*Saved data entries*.
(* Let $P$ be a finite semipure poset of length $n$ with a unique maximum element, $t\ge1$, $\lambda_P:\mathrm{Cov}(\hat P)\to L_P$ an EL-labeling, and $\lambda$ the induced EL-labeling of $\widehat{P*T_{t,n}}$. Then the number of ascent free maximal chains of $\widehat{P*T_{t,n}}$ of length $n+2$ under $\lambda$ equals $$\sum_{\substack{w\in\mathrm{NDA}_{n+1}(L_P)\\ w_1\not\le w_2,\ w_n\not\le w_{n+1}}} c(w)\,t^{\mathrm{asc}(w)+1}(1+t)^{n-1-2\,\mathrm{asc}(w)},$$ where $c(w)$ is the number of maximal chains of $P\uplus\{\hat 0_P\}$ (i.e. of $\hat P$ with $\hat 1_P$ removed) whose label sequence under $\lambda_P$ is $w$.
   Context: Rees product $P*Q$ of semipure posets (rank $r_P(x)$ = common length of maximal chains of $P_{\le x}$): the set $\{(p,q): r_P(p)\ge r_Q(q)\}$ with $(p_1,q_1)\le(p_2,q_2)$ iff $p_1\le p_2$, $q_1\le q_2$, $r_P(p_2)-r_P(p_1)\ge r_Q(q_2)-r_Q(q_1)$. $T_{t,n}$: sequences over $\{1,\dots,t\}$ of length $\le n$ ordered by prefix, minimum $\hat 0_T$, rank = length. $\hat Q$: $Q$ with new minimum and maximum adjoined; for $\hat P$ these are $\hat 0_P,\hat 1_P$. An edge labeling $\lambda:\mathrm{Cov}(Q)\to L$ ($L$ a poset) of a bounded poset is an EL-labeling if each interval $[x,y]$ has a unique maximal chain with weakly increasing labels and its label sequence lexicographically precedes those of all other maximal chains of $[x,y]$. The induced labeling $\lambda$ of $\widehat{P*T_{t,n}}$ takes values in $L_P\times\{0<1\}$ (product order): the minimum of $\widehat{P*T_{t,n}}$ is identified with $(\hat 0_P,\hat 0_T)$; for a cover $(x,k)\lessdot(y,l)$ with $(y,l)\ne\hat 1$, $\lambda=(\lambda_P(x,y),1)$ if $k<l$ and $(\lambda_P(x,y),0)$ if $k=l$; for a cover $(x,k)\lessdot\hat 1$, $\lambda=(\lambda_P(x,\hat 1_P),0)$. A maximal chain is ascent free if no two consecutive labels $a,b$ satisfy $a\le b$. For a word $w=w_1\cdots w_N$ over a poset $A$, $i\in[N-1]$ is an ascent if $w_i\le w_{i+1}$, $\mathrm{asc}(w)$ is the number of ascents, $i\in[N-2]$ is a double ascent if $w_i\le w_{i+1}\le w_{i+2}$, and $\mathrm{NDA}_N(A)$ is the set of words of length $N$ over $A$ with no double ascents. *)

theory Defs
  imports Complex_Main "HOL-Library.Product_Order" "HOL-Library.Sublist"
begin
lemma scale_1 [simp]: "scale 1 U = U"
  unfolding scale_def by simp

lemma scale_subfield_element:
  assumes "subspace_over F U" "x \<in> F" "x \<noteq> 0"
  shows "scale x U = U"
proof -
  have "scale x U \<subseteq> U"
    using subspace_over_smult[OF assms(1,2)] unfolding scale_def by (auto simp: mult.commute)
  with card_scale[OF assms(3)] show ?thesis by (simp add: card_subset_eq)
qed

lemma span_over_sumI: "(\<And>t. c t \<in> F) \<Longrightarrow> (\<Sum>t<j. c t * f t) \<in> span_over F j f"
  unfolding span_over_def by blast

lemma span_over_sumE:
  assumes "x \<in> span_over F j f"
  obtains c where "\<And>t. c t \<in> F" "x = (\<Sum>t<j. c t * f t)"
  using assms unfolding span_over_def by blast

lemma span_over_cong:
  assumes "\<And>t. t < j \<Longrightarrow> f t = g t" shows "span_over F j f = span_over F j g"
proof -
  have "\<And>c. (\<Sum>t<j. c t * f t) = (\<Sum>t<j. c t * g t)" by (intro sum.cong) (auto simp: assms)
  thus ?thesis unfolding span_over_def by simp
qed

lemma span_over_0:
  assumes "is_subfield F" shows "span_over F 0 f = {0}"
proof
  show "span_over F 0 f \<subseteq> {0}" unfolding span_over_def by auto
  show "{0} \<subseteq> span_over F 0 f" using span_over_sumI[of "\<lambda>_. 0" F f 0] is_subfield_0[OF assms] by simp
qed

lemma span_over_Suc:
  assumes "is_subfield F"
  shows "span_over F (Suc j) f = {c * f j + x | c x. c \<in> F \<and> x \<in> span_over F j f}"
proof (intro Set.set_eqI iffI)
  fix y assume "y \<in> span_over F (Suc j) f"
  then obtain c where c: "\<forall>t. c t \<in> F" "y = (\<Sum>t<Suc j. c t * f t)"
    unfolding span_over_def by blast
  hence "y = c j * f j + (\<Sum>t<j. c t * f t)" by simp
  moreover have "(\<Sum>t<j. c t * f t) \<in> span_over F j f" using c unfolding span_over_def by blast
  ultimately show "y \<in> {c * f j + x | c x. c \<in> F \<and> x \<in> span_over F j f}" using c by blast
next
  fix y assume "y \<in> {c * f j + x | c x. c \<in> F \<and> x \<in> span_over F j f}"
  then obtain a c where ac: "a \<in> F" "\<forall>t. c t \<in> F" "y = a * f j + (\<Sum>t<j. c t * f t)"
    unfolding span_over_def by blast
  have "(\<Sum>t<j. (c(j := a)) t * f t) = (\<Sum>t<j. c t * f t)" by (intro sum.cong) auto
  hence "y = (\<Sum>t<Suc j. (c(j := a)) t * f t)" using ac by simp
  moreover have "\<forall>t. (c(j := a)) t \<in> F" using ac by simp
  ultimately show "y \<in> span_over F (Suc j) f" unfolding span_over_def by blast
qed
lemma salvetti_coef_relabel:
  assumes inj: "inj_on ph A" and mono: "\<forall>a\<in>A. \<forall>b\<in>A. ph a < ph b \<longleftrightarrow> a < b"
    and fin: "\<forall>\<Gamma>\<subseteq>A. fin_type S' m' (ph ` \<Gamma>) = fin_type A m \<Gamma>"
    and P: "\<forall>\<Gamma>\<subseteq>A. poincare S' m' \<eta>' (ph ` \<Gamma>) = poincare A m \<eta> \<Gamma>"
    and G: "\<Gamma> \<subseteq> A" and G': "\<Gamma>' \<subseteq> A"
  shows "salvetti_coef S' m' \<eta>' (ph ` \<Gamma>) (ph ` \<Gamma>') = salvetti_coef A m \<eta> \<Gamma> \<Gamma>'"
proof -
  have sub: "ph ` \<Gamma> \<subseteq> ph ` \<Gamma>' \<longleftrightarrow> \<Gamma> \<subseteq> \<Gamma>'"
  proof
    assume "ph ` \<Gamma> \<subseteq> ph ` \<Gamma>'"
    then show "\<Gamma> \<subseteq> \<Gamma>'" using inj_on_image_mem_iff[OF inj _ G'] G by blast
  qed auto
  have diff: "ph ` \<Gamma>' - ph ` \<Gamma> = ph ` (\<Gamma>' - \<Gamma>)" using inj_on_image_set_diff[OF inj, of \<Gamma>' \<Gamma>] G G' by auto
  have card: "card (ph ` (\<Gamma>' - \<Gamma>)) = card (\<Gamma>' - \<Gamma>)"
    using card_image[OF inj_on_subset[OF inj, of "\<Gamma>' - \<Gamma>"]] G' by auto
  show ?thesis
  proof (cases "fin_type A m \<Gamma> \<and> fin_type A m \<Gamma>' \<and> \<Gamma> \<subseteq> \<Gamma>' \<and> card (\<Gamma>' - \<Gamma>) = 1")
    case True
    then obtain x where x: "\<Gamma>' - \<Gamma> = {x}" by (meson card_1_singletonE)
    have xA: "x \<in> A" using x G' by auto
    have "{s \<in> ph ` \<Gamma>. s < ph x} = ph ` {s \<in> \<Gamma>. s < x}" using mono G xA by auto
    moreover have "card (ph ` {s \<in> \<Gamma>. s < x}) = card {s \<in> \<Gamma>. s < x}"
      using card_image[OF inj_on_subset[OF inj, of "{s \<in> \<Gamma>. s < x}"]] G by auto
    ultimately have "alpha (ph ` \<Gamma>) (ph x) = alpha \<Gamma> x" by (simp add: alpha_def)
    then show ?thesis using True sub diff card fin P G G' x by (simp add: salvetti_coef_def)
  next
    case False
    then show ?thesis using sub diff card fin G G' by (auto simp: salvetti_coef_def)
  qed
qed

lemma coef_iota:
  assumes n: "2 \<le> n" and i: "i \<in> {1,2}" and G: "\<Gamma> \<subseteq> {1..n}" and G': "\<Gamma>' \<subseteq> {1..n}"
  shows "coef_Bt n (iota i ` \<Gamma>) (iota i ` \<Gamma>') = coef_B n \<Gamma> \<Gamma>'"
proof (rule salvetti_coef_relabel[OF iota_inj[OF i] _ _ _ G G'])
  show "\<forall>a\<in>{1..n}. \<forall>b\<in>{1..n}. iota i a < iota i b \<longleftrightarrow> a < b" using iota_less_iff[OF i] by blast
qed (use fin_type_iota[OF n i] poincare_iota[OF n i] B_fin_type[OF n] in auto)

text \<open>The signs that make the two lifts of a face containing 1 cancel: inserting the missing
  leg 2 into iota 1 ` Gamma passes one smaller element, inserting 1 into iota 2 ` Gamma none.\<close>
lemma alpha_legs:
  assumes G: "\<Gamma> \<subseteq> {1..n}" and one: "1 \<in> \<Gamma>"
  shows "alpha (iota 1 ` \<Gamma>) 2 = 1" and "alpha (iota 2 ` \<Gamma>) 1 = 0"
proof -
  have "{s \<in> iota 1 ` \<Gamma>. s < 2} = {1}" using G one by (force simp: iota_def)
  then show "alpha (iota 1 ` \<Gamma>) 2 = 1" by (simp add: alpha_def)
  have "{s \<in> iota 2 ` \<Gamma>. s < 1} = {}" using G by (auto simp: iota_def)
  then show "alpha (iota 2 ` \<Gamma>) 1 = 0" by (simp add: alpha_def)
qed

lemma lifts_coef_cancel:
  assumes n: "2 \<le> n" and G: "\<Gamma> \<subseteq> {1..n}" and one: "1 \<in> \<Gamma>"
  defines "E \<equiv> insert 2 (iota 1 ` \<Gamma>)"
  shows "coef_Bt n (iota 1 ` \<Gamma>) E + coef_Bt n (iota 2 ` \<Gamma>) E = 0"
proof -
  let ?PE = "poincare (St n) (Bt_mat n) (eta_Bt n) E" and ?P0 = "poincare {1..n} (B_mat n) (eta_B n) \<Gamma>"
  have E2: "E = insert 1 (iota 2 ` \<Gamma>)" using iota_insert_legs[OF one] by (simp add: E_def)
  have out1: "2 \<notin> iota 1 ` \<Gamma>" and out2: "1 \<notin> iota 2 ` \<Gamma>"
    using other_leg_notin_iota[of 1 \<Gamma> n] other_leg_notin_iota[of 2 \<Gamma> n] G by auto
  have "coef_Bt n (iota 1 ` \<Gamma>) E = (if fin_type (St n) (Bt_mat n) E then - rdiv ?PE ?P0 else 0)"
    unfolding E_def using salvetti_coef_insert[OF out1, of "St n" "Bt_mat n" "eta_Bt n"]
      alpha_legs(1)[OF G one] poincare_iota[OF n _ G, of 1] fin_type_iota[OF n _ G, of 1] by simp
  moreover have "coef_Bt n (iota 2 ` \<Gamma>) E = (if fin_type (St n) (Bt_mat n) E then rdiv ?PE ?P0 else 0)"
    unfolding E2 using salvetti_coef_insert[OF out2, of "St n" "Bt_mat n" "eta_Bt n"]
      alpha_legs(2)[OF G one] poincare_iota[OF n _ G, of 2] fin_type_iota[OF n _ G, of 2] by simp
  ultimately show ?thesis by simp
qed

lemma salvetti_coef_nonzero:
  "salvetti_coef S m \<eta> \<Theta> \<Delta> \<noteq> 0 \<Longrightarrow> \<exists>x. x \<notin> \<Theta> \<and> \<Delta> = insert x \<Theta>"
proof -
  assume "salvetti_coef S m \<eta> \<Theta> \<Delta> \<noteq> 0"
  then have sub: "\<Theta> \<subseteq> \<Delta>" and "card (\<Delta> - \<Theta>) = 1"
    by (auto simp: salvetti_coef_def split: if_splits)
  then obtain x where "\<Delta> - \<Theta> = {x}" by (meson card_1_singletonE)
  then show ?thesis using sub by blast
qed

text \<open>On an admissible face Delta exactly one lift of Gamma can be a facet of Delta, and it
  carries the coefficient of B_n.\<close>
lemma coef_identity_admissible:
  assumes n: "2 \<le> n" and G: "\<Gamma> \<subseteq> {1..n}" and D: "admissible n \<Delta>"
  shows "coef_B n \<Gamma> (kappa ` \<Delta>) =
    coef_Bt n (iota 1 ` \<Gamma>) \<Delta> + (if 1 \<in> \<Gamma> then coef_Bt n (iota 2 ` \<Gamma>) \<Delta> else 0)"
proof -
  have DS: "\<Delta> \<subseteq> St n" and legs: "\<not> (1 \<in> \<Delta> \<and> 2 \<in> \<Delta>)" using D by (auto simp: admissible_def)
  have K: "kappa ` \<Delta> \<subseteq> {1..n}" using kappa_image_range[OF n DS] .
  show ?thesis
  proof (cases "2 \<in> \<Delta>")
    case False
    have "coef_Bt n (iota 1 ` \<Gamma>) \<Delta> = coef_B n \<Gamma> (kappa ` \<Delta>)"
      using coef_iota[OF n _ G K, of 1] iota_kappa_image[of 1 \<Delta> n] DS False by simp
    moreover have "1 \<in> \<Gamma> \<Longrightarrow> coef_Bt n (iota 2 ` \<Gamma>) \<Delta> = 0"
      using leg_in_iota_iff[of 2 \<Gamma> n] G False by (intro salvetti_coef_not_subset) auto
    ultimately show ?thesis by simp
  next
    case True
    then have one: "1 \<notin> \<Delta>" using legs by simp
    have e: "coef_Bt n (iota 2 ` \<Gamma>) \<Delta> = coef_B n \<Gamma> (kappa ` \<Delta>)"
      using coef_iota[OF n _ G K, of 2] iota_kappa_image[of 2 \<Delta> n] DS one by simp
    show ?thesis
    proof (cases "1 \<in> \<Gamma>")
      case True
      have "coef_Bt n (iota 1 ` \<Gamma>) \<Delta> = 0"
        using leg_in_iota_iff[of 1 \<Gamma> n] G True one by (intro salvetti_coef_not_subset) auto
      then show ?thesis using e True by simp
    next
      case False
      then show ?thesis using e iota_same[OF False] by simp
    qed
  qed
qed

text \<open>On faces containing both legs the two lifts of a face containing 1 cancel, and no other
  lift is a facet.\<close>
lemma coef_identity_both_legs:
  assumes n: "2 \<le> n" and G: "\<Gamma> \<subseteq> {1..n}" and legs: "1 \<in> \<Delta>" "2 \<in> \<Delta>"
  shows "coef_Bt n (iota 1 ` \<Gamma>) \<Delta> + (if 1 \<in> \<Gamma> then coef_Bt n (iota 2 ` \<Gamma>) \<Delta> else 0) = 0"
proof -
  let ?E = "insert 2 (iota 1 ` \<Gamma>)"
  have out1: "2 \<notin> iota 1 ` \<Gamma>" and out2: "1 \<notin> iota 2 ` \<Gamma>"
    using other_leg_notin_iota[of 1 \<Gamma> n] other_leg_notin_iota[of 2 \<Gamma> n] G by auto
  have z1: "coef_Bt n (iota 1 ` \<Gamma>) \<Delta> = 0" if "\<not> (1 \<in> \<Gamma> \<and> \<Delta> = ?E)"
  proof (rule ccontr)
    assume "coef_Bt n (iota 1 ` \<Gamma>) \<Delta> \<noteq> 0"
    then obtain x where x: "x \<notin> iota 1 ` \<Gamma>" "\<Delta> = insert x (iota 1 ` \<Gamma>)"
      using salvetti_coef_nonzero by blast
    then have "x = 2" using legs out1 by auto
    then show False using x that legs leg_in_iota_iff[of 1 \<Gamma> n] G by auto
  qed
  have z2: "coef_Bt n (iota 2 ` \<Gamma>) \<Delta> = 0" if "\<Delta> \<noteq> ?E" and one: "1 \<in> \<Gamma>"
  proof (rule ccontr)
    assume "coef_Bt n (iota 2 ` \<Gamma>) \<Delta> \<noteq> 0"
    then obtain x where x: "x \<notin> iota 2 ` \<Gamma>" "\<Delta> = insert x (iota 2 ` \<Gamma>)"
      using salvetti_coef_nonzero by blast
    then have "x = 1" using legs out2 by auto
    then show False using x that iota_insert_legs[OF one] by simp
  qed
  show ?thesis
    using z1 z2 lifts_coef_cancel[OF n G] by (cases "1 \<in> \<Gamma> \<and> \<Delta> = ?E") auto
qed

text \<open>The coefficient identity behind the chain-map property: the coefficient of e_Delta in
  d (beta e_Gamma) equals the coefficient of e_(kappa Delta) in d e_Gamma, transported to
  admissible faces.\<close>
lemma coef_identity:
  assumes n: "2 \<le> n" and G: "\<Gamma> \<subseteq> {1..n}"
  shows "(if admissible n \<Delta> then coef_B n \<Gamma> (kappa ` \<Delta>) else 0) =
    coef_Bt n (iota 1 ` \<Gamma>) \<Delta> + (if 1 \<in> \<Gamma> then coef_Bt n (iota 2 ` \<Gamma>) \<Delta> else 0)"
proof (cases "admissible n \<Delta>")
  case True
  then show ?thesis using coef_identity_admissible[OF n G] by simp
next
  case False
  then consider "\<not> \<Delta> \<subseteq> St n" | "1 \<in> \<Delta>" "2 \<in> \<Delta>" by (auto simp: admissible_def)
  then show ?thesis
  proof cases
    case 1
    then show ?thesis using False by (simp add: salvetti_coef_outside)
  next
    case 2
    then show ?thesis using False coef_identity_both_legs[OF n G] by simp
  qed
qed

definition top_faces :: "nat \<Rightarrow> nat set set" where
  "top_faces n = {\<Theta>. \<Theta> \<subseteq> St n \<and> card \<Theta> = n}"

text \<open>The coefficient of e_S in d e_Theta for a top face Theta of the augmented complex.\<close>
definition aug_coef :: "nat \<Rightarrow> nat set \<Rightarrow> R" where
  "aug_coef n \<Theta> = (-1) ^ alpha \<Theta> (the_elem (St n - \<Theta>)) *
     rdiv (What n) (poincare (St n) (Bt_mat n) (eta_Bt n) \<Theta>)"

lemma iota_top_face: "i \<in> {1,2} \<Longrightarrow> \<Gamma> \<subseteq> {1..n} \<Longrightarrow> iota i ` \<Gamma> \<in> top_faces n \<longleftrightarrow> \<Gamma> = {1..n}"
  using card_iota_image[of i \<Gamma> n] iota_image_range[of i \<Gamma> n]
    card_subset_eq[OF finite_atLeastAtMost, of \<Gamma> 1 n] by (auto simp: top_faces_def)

*Exercise brief*. Tell me how many lines of the records include the word "definition", replying with the number alone.

*Finished exercise*. 2